As noted by government watchdog group Little Sis, Kashkari’s appointment means that the last three Federal Reserve appointments are Goldman Sachs alumni and Goldman Sachs alumni now lead four out of the 12 branches of the Federal Reserve.
— LittleSis.org (@twittlesis) November 11, 2015
Can you say Government Sachs?
Previous to his appointment as Assistant Secretary of the Treasury for Financial Stability and overseer of TARP, Kashkari worked at Goldman Sachs as an investment banker. He worked under former CEO Henry Paulson who would later bring Kashkari into government when Paulson became secretary of the treasury.
The TARP program under Kashkari would become highly controversial. According to the book “Too Big To Fail,” Kasharki originally wanted the bank bailout fund to be $1 trillion, but was told by Secretary Paulson to settle for less. Kashkari reduced the amount to $700 billion and said he came up with the number by calculating that the fund should be 5% of the then-outstanding mortgages valued at $14 trillion.
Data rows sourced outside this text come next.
lemma vertical_flow_of_vertical:
  assumes n: "1 \<le> n" and y: "y \<in> simplex_product {1..n} {..m}"
  shows "vertical_flow n (flow_of_vertical n m y) = y"
proof (rule poly_mapping_eqI)
  fix p :: "nat \<times> nat"
  show "Poly_Mapping.lookup (vertical_flow n (flow_of_vertical n m y)) p = Poly_Mapping.lookup y p"
  proof (cases "p \<in> {1..n} \<times> {..m}")
    case True
    then show ?thesis
      by (simp add: lookup_flow_of_vertical(2))
  next
    case False
    then have "vert_edge n p \<notin> G_edges n m"
      using n by (cases p) auto
    with False show ?thesis
      using simplex_productD(1)[OF y] lookup_flow_of_vertical(3)[OF n] by simp
  qed
qed

lemma flow_of_vertical_flow:
  assumes n: "1 \<le> n" and f: "f \<in> grid_flow_polytope n m"
  shows "flow_of_vertical n m (vertical_flow n f) = f"
proof (rule poly_mapping_eqI)
  fix e
  show "Poly_Mapping.lookup (flow_of_vertical n m (vertical_flow n f)) e = Poly_Mapping.lookup f e"
  proof (cases "e \<in> G_edges n m")
    case True
    then consider (horiz) i j where "e = horiz_edge (i, j)" "(i, j) \<in> {1..n} \<times> {..<m}"
      | (vert) p where "e = vert_edge n p" "p \<in> {1..n} \<times> {..m}"
      unfolding G_edges_eq[OF n] by auto
    then show ?thesis
      by cases (auto simp: lookup_flow_of_vertical grid_flow_polytope_horiz_edge[OF n f])
  next
    case False
    then show ?thesis
      by (simp add: lookup_flow_of_vertical(3)[OF n] flow_polytopeD(1)[OF f])
  qed
qed

lemma row_prefix_sum_Suc: "row_prefix_sum y i (Suc j) = row_prefix_sum y i j + Poly_Mapping.lookup y (i, Suc j)"
  by (simp add: row_prefix_sum_def)

lemma row_prefix_sum_simplex_product:
  assumes y: "y \<in> simplex_product I {..m}" and "j \<le> m"
  shows "0 \<le> row_prefix_sum y i j" and "row_prefix_sum y i j \<le> 1"
proof -
  show "0 \<le> row_prefix_sum y i j"
    unfolding row_prefix_sum_def by (rule sum_nonneg) (rule simplex_productD(2)[OF y])
  show "row_prefix_sum y i j \<le> 1"
  proof (cases "i \<in> I")
    case True
    have "row_prefix_sum y i j \<le> (\<Sum>k\<le>m. Poly_Mapping.lookup y (i, k))"
      unfolding row_prefix_sum_def using assms(2)
      by (intro sum_mono2) (auto simp: simplex_productD(2)[OF y])
    with True show ?thesis
      using simplex_productD(3)[OF y] by simp
  next
    case False
    then show ?thesis
      by (simp add: row_prefix_sum_def simplex_productD(1)[OF y])
  qed
qed

lemma row_prefix_sum_last:
  assumes y: "y \<in> simplex_product {1..n} {..m}" and "i \<le> n"
  shows "row_prefix_sum y i m = (if i = 0 then 0 else 1)"
  using assms simplex_productD(1,3)[OF y] by (simp add: row_prefix_sum_def)

lemma lookup_flow_of_vertical_vert_edge:
  assumes "1 \<le> n" "y \<in> simplex_product {1..n} {..m}"
  shows "Poly_Mapping.lookup (flow_of_vertical n m y) (vert_edge n p) = Poly_Mapping.lookup y p"
  using arg_cong[OF vertical_flow_of_vertical[OF assms], of "\<lambda>z. Poly_Mapping.lookup z p"] by simp

lemma flow_of_vertical_net_outflow_Grid:
  assumes n: "1 \<le> n" and m: "1 \<le> m" and y: "y \<in> simplex_product {1..n} {..m}"
    and ij: "1 \<le> i" "i \<le> n" "j \<le> m"
  shows "net_outflow n m (flow_of_vertical n m y) (Grid i j) =
    netflow_req n m (\<lambda>i. 1) (\<lambda>i. if i = 1 then 0 else 1) (Grid i j)"
proof -
  let ?f = "flow_of_vertical n m y"
  have horiz: "Poly_Mapping.lookup ?f (horiz_edge (i, k)) = (if k < m then horiz_flow y (i, k) else 0)" for k
    using ij lookup_flow_of_vertical(1)[of "(i, k)"] lookup_flow_of_vertical(3)[OF n] by simp
  have "net_outflow n m ?f (Grid i j) =
      Poly_Mapping.lookup ?f (horiz_edge (i, j)) + Poly_Mapping.lookup y (i, j)
      - (if j = 0 then 0 else Poly_Mapping.lookup ?f (horiz_edge (i, j - 1))) - Poly_Mapping.lookup y (i - 1, j)"
    using net_outflow_Grid[OF n _ ij] lookup_flow_of_vertical(3)[OF n]
    by (simp add: lookup_flow_of_vertical_vert_edge[OF n y])
  also have "\<dots> = (if j = 0 then 1 else if j = m then - (if i = 1 then 0 else 1) else 0)"
  proof (cases j)
    case 0
    then show ?thesis
      using m by (simp add: horiz horiz_flow_def row_prefix_sum_def)
  next
    case (Suc k)
    have "i - 1 \<le> n"
      using ij by simp
    with Suc show ?thesis
      using ij row_prefix_sum_last[OF y ij(2)] row_prefix_sum_last[OF y \<open>i - 1 \<le> n\<close>]
      by (auto simp: horiz horiz_flow_def row_prefix_sum_Suc)
  qed
  finally show ?thesis
    by (simp add: netflow_req_def)
qed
Kashkari’s actions administering the program infuriated many including Senator Elizabeth Warren and the special inspector general for TARP itself. Warren claimed in her book that Kashkari lied to her about the Citigroup bailout and helping smaller banks when she interviewed him in 2008 at the Congressional Oversight Panel for TARP. TARP Special Inspector General Neil Barofsky said Kashkari failed to oversee the payment of bonuses by TARP recipients which let Wall Street bankers take advantage of the program. [PDF]
After leaving the Treasury Department in 2009 Kashkari helped Paulson write his memoirs and then returned to the financial services industry by taking a job as a managing director at investment management firm Pimco. Pimco is a major investor in U.S. treasury bonds and Kashkari will now have some influence over their prices as a Fed president.
In 2013, Kashkari left Pimco to run for governor of California. During the campaign, Kashkari tried to spin his tenure as TARP chief as a success, but voters were unconvinced. Kashkari lost to Governor Jerry Brown by almost 20 points. A resounding defeat.
Despite his unpopularity and questionable public service, Kashkari will now assume a senior position managing the US economy.